■ **WHAT YOU SHOULD DO**:
Lines holding the string "finally" are the ones to copy; find them all in the data.

■ **DATA EXTRACT**:

(* Let $d\ge1$ and $L\ge2$ be integers, $\alpha\ge0$, $\delta\ge 0$, and let $W_1,\dots,W_{L-1}\in\mathbb{R}^{d\times d}$ satisfy $\|W_l\|_2\le\alpha$ for $l=1,\dots,L-1$ and $\|W_{l+1}^\intercal W_{l+1}-W_lW_l^\intercal\|_2\le\delta$ for $l=1,\dots,L-2$. Then $$\left\|W_{L-1:1}W_{L-1:1}^\intercal-\left(W_{L-1}W_{L-1}^\intercal\right)^{L-1}\right\|_2\le\frac12L^2\alpha^{2(L-2)}\delta.$$
   Context: $W_{L-1:1}=W_{L-1}W_{L-2}\cdots W_1$. $\|\cdot\|_2$ denotes the spectral (operator $\ell_2$) norm of a matrix. *)

theory Defs
  imports "HOL-Analysis.Analysis"
begin

definition spec_norm :: "real^'n^'n \<Rightarrow> real" where
  "spec_norm A = onorm (\<lambda>x. A *v x)"

fun mprod :: "(nat \<Rightarrow> real^'n^'n) \<Rightarrow> nat \<Rightarrow> real^'n^'n" where
  "mprod W 0 = mat 1"
| "mprod W (Suc k) = W (Suc k) ** mprod W k"

fun mpow :: "real^'n^'n \<Rightarrow> nat \<Rightarrow> real^'n^'n" where
  "mpow A 0 = mat 1"
| "mpow A (Suc k) = A ** mpow A k"

end

theory Submission
  imports Defs
begin

text \<open>
  Let G_k = W_{k:1} W_{k:1}^T and B_k = W_k W_k^T. Since G_{k+1} = W_{k+1} G_k W_{k+1}^T and
  B_{k+1}^{k+1} = W_{k+1} (W_{k+1}^T W_{k+1})^k W_{k+1}^T, the deviation G_{k+1} - B_{k+1}^{k+1} is
  the conjugate by W_{k+1} of (G_k - B_k^k) + (B_k^k - (W_{k+1}^T W_{k+1})^k). Balancedness makes
  the last term small: telescoping the difference of k-th powers bounds it by k alpha^{2(k-1)} delta.
  Conjugation scales norms by at most alpha^2, so the deviations obey a recursion whose solution is
  k(k-1)/2 alpha^{2(k-1)} delta.
\<close>

lemma spec_norm_nonneg: "0 \<le> spec_norm A"
  unfolding spec_norm_def by (simp add: onorm_pos_le)

lemma norm_matrix_vector_mult_le: "norm (A *v x) \<le> spec_norm A * norm x"
  unfolding spec_norm_def using onorm[of "\<lambda>x. A *v x"] by simp

lemma spec_norm_le:
  assumes "0 \<le> b" "\<And>x. norm (A *v x) \<le> b * norm x"
  shows "spec_norm A \<le> b"
  unfolding spec_norm_def by (rule onorm_bound[OF assms])

lemma spec_norm_zero [simp]: "spec_norm 0 = 0"
  by (rule antisym[OF spec_norm_le spec_norm_nonneg]) simp_all

lemma spec_norm_mat_1: "spec_norm (mat 1) \<le> 1"
  by (rule spec_norm_le) simp_all

lemma spec_norm_mult: "spec_norm (A ** B) \<le> spec_norm A * spec_norm B"
proof -
  have "(\<lambda>x. (A ** B) *v x) = (\<lambda>x. A *v x) \<circ> (\<lambda>x. B *v x)"
    by (simp add: fun_eq_iff matrix_vector_mul_assoc)
  then show ?thesis
    unfolding spec_norm_def by (simp add: onorm_compose)
qed

lemma spec_norm_add: "spec_norm (A + B) \<le> spec_norm A + spec_norm B"
  unfolding spec_norm_def matrix_vector_mult_add_rdistrib by (simp add: onorm_triangle)

lemma spec_norm_uminus: "spec_norm (- A) = spec_norm A"
proof -
  have "(\<lambda>x. (- A) *v x) = (\<lambda>x. - (A *v x))"
    by (simp add: fun_eq_iff vec_eq_iff matrix_vector_mult_def sum_negf)
  then show ?thesis
    unfolding spec_norm_def using onorm_neg[of "\<lambda>x. A *v x"] by simp
qed

lemma spec_norm_minus_commute: "spec_norm (A - B) = spec_norm (B - A)"
  by (metis minus_diff_eq spec_norm_uminus)

lemma spec_norm_transpose_le: "spec_norm (transpose A) \<le> spec_norm A"
proof (rule spec_norm_le[OF spec_norm_nonneg])
  fix x
  let ?y = "transpose A *v x"
  have "norm ?y ^ 2 = x \<bullet> (A *v ?y)"
    by (simp add: power2_norm_eq_inner dot_lmul_matrix)
  also have "\<dots> \<le> norm x * (spec_norm A * norm ?y)"
    by (rule order_trans[OF norm_cauchy_schwarz mult_left_mono[OF norm_matrix_vector_mult_le norm_ge_zero]])
  finally have "norm ?y * norm ?y \<le> (spec_norm A * norm x) * norm ?y"
    by (simp add: power2_eq_square algebra_simps)
  then show "norm ?y \<le> spec_norm A * norm x"
    by (cases "norm ?y = 0") (simp_all add: spec_norm_nonneg)
qed

lemma spec_norm_transpose: "spec_norm (transpose A) = spec_norm A"
  using spec_norm_transpose_le[of A] spec_norm_transpose_le[of "transpose A"] by simp

lemma spec_norm_conj_le:
  assumes "spec_norm V \<le> a"
  shows "spec_norm (V ** D ** transpose V) \<le> a\<^sup>2 * spec_norm D"
proof -
  have "spec_norm (V ** D ** transpose V) \<le> spec_norm (V ** D) * spec_norm V"
    using spec_norm_mult[of "V ** D" "transpose V"] by (simp add: spec_norm_transpose)
  also have "\<dots> \<le> spec_norm V * spec_norm D * spec_norm V"
    by (intro mult_right_mono spec_norm_mult spec_norm_nonneg)
  also have "\<dots> \<le> a * spec_norm D * a"
    using assms spec_norm_nonneg[of V] spec_norm_nonneg[of D] by (intro mult_mono mult_right_mono) auto
  finally show ?thesis
    by (simp add: power2_eq_square algebra_simps)
qed

lemma spec_norm_gram_le:
  assumes "spec_norm A \<le> a"
  shows "spec_norm (A ** transpose A) \<le> a\<^sup>2" and "spec_norm (transpose A ** A) \<le> a\<^sup>2"
proof -
  have "spec_norm A * spec_norm A \<le> a\<^sup>2"
    using assms spec_norm_nonneg[of A] unfolding power2_eq_square by (intro mult_mono) auto
  then show "spec_norm (A ** transpose A) \<le> a\<^sup>2" and "spec_norm (transpose A ** A) \<le> a\<^sup>2"
    using spec_norm_mult[of A "transpose A"] spec_norm_mult[of "transpose A" A]
    by (simp_all add: spec_norm_transpose)
qed

lemma matrix_diff_ldistrib: "A ** (B - C) = A ** B - A ** (C :: real^'n^'n)"
  by (simp add: matrix_eq matrix_vector_mul_assoc[symmetric] matrix_vector_mult_diff_distrib
      matrix_vector_mult_diff_rdistrib)

lemma matrix_diff_rdistrib: "(B - C) ** A = B ** A - C ** (A :: real^'n^'n)"
  by (simp add: matrix_eq matrix_vector_mul_assoc[symmetric] matrix_vector_mult_diff_rdistrib)

lemma spec_norm_mpow_le:
  assumes "spec_norm A \<le> a"
  shows "spec_norm (mpow A k) \<le> a ^ k"
proof (induction k)
  case 0
  then show ?case by (simp add: spec_norm_mat_1)
next
  case (Suc k)
  have "spec_norm (mpow A (Suc k)) \<le> spec_norm A * spec_norm (mpow A k)"
    by (simp add: spec_norm_mult)
  also have "\<dots> \<le> a * a ^ k"
    using assms Suc.IH spec_norm_nonneg[of A] spec_norm_nonneg[of "mpow A k"] by (intro mult_mono) auto
  finally show ?case by simp
qed

lemma spec_norm_mpow_diff_le:
  assumes "spec_norm A \<le> a" "spec_norm B \<le> a"
  shows "spec_norm (mpow B (Suc k) - mpow A (Suc k)) \<le> real (Suc k) * a ^ k * spec_norm (B - A)"
proof (induction k)
  case 0
  then show ?case by simp
next
  case (Suc k)
  have "mpow B (Suc (Suc k)) - mpow A (Suc (Suc k))
      = B ** (mpow B (Suc k) - mpow A (Suc k)) + (B - A) ** mpow A (Suc k)"
    by (simp add: matrix_diff_ldistrib matrix_diff_rdistrib)
  then have "spec_norm (mpow B (Suc (Suc k)) - mpow A (Suc (Suc k)))
      \<le> spec_norm (B ** (mpow B (Suc k) - mpow A (Suc k))) + spec_norm ((B - A) ** mpow A (Suc k))"
    by (simp only: spec_norm_add)
  also have "\<dots> \<le> spec_norm B * spec_norm (mpow B (Suc k) - mpow A (Suc k))
        + spec_norm (B - A) * spec_norm (mpow A (Suc k))"
    by (intro add_mono spec_norm_mult)
  also have "\<dots> \<le> a * (real (Suc k) * a ^ k * spec_norm (B - A)) + spec_norm (B - A) * a ^ Suc k"
    using assms Suc.IH spec_norm_mpow_le[OF assms(1), of "Suc k"]
      spec_norm_nonneg[of B] spec_norm_nonneg[of "B - A"] spec_norm_nonneg[of "mpow B (Suc k) - mpow A (Suc k)"]
    by (intro add_mono mult_mono mult_left_mono) auto
  also have "\<dots> = real (Suc (Suc k)) * a ^ Suc k * spec_norm (B - A)"
    by (simp add: algebra_simps)
  finally show ?case .
qed

lemma mpow_Suc_outer_gram:
  "mpow (V ** transpose V) (Suc k) = V ** mpow (transpose V ** V) k ** transpose V"
proof (induction k)
  case 0
  then show ?case by simp
next
  case (Suc k)
  then show ?case by (simp add: matrix_mul_assoc)
qed

lemma mprod_gram_Suc:
  "mprod W (Suc k) ** transpose (mprod W (Suc k))
    = W (Suc k) ** (mprod W k ** transpose (mprod W k)) ** transpose (W (Suc k))"
  by (simp add: matrix_transpose_mul matrix_mul_assoc)

lemma spec_norm_gram_deviation_step:
  assumes V: "spec_norm V \<le> a" and U: "spec_norm U \<le> a"
    and balanced: "spec_norm (transpose V ** V - U ** transpose U) \<le> d"
  shows "spec_norm (V ** G ** transpose V - mpow (V ** transpose V) (Suc (Suc k)))
    \<le> a\<^sup>2 * (spec_norm (G - mpow (U ** transpose U) (Suc k)) + real (Suc k) * a ^ (2 * k) * d)"
proof -
  let ?D = "G - mpow (U ** transpose U) (Suc k)"
  let ?E = "mpow (U ** transpose U) (Suc k) - mpow (transpose V ** V) (Suc k)"
  have split: "V ** G ** transpose V - mpow (V ** transpose V) (Suc (Suc k))
      = V ** ?D ** transpose V + V ** ?E ** transpose V"
    unfolding mpow_Suc_outer_gram matrix_diff_ldistrib matrix_diff_rdistrib by simp
  have "spec_norm ?E \<le> real (Suc k) * (a\<^sup>2) ^ k * spec_norm (U ** transpose U - transpose V ** V)"
    by (rule spec_norm_mpow_diff_le[OF spec_norm_gram_le(2)[OF V] spec_norm_gram_le(1)[OF U]])
  also have "\<dots> \<le> real (Suc k) * a ^ (2 * k) * d"
    using balanced by (simp add: spec_norm_minus_commute power_mult mult_left_mono)
  finally have E: "spec_norm ?E \<le> real (Suc k) * a ^ (2 * k) * d" .
  have "spec_norm (V ** ?D ** transpose V + V ** ?E ** transpose V)
      \<le> a\<^sup>2 * spec_norm ?D + a\<^sup>2 * spec_norm ?E"
    by (rule order_trans[OF spec_norm_add add_mono[OF spec_norm_conj_le[OF V] spec_norm_conj_le[OF V]]])
  also have "\<dots> \<le> a\<^sup>2 * (spec_norm ?D + real (Suc k) * a ^ (2 * k) * d)"
    unfolding distrib_left using E by (intro add_left_mono mult_left_mono) simp_all
  finally show ?thesis
    unfolding split .
qed

lemma spec_norm_gram_mprod_deviation:
  assumes "\<And>l. 1 \<le> l \<Longrightarrow> l \<le> Suc m \<Longrightarrow> spec_norm (W l) \<le> a"
    and "\<And>l. 1 \<le> l \<Longrightarrow> l \<le> m \<Longrightarrow>
           spec_norm (transpose (W (l+1)) ** W (l+1) - W l ** transpose (W l)) \<le> d"
  shows "spec_norm (mprod W (Suc m) ** transpose (mprod W (Suc m))
           - mpow (W (Suc m) ** transpose (W (Suc m))) (Suc m))
         \<le> real (Suc m * m) / 2 * a ^ (2 * m) * d"
  using assms
proof (induction m)
  case 0
  then show ?case by simp
next
  case (Suc m)
  let ?G = "mprod W (Suc m) ** transpose (mprod W (Suc m))"
  have IH: "spec_norm (?G - mpow (W (Suc m) ** transpose (W (Suc m))) (Suc m))
      \<le> real (Suc m * m) / 2 * a ^ (2 * m) * d"
    using Suc.prems by (intro Suc.IH) simp_all
  have "spec_norm (W (Suc (Suc m)) ** ?G ** transpose (W (Suc (Suc m)))
           - mpow (W (Suc (Suc m)) ** transpose (W (Suc (Suc m)))) (Suc (Suc m)))
      \<le> a\<^sup>2 * (spec_norm (?G - mpow (W (Suc m) ** transpose (W (Suc m))) (Suc m))
               + real (Suc m) * a ^ (2 * m) * d)"
    using Suc.prems(1)[of "Suc (Suc m)"] Suc.prems(1)[of "Suc m"] Suc.prems(2)[of "Suc m"]
    by (intro spec_norm_gram_deviation_step) simp_all
  also have "\<dots> \<le> a\<^sup>2 * (real (Suc m * m) / 2 * a ^ (2 * m) * d + real (Suc m) * a ^ (2 * m) * d)"
    using IH by (simp add: mult_left_mono)
  also have "\<dots> = real (Suc (Suc m) * Suc m) / 2 * a ^ (2 * Suc m) * d"
    by (simp add: field_simps power_add[symmetric])
  finally show ?case
    unfolding mprod_gram_Suc .
qed

theorem lemma5:
  fixes W :: "nat \<Rightarrow> real^'n^'n" and L :: nat and \<alpha> \<delta> :: real
  assumes "L \<ge> 2" and "\<alpha> \<ge> 0" and "\<delta> \<ge> 0"
    and "\<And>l. 1 \<le> l \<Longrightarrow> l \<le> L - 1 \<Longrightarrow> spec_norm (W l) \<le> \<alpha>"
    and "\<And>l. 1 \<le> l \<Longrightarrow> l \<le> L - 2 \<Longrightarrow>
           spec_norm (transpose (W (l+1)) ** W (l+1) - W l ** transpose (W l)) \<le> \<delta>"
  shows "spec_norm (mprod W (L-1) ** transpose (mprod W (L-1))
           - mpow (W (L-1) ** transpose (W (L-1))) (L-1))
         \<le> 1/2 * real L ^ 2 * \<alpha> ^ (2*(L-2)) * \<delta>"
proof -
  define m where "m = L - 2"
  have L: "L - 1 = Suc m" "L - 2 = m"
    using assms(1) by (simp_all add: m_def)
  have "spec_norm (mprod W (Suc m) ** transpose (mprod W (Suc m))
           - mpow (W (Suc m) ** transpose (W (Suc m))) (Suc m))
        \<le> real (Suc m * m) / 2 * \<alpha> ^ (2 * m) * \<delta>"
    using assms(4,5) unfolding L by (rule spec_norm_gram_mprod_deviation)
  also have "\<dots> \<le> 1/2 * real L ^ 2 * \<alpha> ^ (2 * m) * \<delta>"
  proof -
    have "Suc m * m \<le> L * L"
      using L by (intro mult_le_mono) auto
    then have "real (Suc m * m) / 2 \<le> 1/2 * real L ^ 2"
      by (simp add: power2_eq_square flip: of_nat_mult)
    then show ?thesis
      using assms(2,3) by (intro mult_right_mono) simp_all
  qed
  finally show ?thesis
    unfolding L .
qed

end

■ **RESULT FOR THIS EXERCISE**:
  finally have "norm ?y * norm ?y \<le> (spec_norm A * norm x) * norm ?y"
  finally show ?thesis
  finally show ?case by simp
  finally show ?case .
  finally have E: "spec_norm ?E \<le> real (Suc k) * a ^ (2 * k) * d" .
  finally show ?thesis
  finally show ?case
  finally show ?thesis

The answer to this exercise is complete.